Written by David Green.


When George Isobar makes his annual graph next month showing the month-by-month precipitation, he knows what it's going to look like: Below average almost throughout the year.

November is likely going to take the prize as the lightest month of all.

"I knew there wasn't a lot of rain falling last month," he said, "but I was really surprised when I totaled it up and got just 85 hundredths of an inch."

Isobar, who maintains Morenci area climate information for the National Weather Service, said there was one month like that last year and that one was even stranger yet: only .65 and in June.

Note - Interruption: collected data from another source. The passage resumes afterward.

lemma det_submatrix_list_pivot_mat:
  fixes A :: "real mat"
  assumes i: "i < dim_row A" and rs: "set rs \<subseteq> {0..<dim_row A} - {i}"
    and cs: "set cs \<subseteq> {0..<dim_col A}" and len: "length cs = Suc (length rs)"
  shows "det (submatrix_list (pivot_mat A i j) (i # rs) cs) = det (submatrix_list A (i # rs) cs) / A $$ (i, j)"
proof -
  define k where "k = length rs"
  define R where "R = i # rs"
  define a where "a = A $$ (i, j)"
  define N where "N = submatrix_list (pivot_mat A i j) R cs"
  define M where "M = submatrix_list A R cs"
  have R: "R ! r < dim_row A" "r \<noteq> 0 \<Longrightarrow> R ! r \<noteq> i" if "r < Suc k" for r
    using that i rs by (auto simp: R_def k_def nth_Cons' subset_iff)
  have N: "N \<in> carrier_mat (Suc k) (Suc k)" and M: "M \<in> carrier_mat (Suc k) (Suc k)"
    unfolding N_def M_def R_def k_def using len by auto
  \<comment> \<open>Pivoting is left multiplication by a lower triangular matrix with diagonal 1/a, 1, ..., 1.\<close>
  define E where "E = mat (Suc k) (Suc k) (\<lambda>(x, y).
     (if y = 0 then (if x = 0 then 1 / a else - A $$ (R ! x, j) / a) else 0) + (if y = x \<and> x \<noteq> 0 then 1 else 0))"
  have E: "E \<in> carrier_mat (Suc k) (Suc k)" by (simp add: E_def)
  have "N = E * M"
  proof (rule eq_matI)
    fix x y assume "x < dim_row (E * M)" and "y < dim_col (E * M)"
    then have x: "x < Suc k" and y: "y < Suc k" using E M by auto
    have "cs ! y \<in> set cs" using y len by (simp add: k_def)
    then have col: "cs ! y < dim_col A" using cs by auto
    have "(E * M) $$ (x, y) = (\<Sum>t<Suc k. E $$ (x, t) * M $$ (t, y))"
      using x y E M by (simp add: scalar_prod_def lessThan_atLeast0)
    also have "\<dots> = (\<Sum>t<Suc k. (if t = 0 then (if x = 0 then 1 / a else - A $$ (R ! x, j) / a) * M $$ (0, y) else 0)
          + (if t = x then (if x \<noteq> 0 then M $$ (x, y) else 0) else 0))"
      using x by (intro sum.cong) (auto simp: E_def algebra_simps)
    also have "\<dots> = (if x = 0 then 1 / a else - A $$ (R ! x, j) / a) * M $$ (0, y) + (if x \<noteq> 0 then M $$ (x, y) else 0)"
      using x by (simp add: sum.distrib)
    also have "\<dots> = N $$ (x, y)"
      using x y R[OF x] col len i unfolding N_def M_def a_def
      by (auto simp: pivot_mat_index algebra_simps R_def k_def)
    finally show "N $$ (x, y) = (E * M) $$ (x, y)" by simp
  qed (use E M N in auto)
  moreover have "det E = 1 / a"
  proof -
    have "det E = prod_list (diag_mat E)"
      by (rule det_lower_triangular[OF _ E]) (auto simp: E_def)
    also have "\<dots> = (\<Prod>x<Suc k. E $$ (x, x))"
      by (simp add: prod_list_diag_prod lessThan_atLeast0 E_def)
    also have "\<dots> = 1 / a" by (subst prod.lessThan_Suc_shift) (simp add: E_def)
    finally show ?thesis .
  qed
  ultimately show ?thesis using det_mult[OF E M] by (simp add: N_def M_def R_def a_def)
qed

"Over the last 30-odd years, we've averaged around three inches of precipitation in November," he said. "This year was the second lowest we had over that time period. It's certainly a long way from the record-setting November just a year ago when 7.75 inches fell."

Only 0.83 of an inch was measured in 1976 and 0.85 in 1980.

About three-fourths of the rain fell during a storm on Nov. 12. There were only two other days where there was much of anything.

"We did have our first snow last month, if you can call it that," Isobar said. "There was a brief period of snow pellets that fell on the afternoon of Nov. 12, and some actual flakes Nov. 23 and 24, but nothing measurable. Winter isn't here yet."

The U.S. Drought Monitor shows the Morenci-Fayette area remaining in the category of "unusually dry" at the end of November, with an area of "moderate drought" starting not too far to the west and stretching beyond Chicago.

At the end of October, a third of the country was classified in "severe to extreme drought" and half of the country fell into the "moderate to extreme drought" category.

Cooler than average

Isobar recorded three days in the 60-degree range, with a high of 68° Nov. 11, and 10 days in the 50s. There were only four days where the temperature never climbed out of the 30s.

A low of 20° was recorded Nov. 6 and again on Nov. 13.

"There were plenty of chilly mornings with 17 of them in the 20s and eight of them in the low 20s," said Isobar.

November started off on the chilly side with nine days in a row colder than average. For the month, the departure from normal came in at 2.4° below.

It wasn’t the greatest month for wind turbines, Isobar noted, with an average wind speed of 5.8 miles an hour.

DECEMBER—Snowbirds have flocked into the Observer office to change their newspaper delivery to Florida and Arizona, but maybe they flew away too soon.

"They've missed some really nice weather," Isobar said, "but I don't expect it to last. We generally have some snow on the ground sometime during the month.”

There’s the rare year like 1998 when only a tenth of an inch fell all month, but the average is around eight inches for December.

“Our record snowfall for December occurred 11 years ago when 28.3 inches fell,” Isobar said. “We’ve got a long way to go to get anywhere near that mark. We’ll soon be half way through the month with barely a trace.”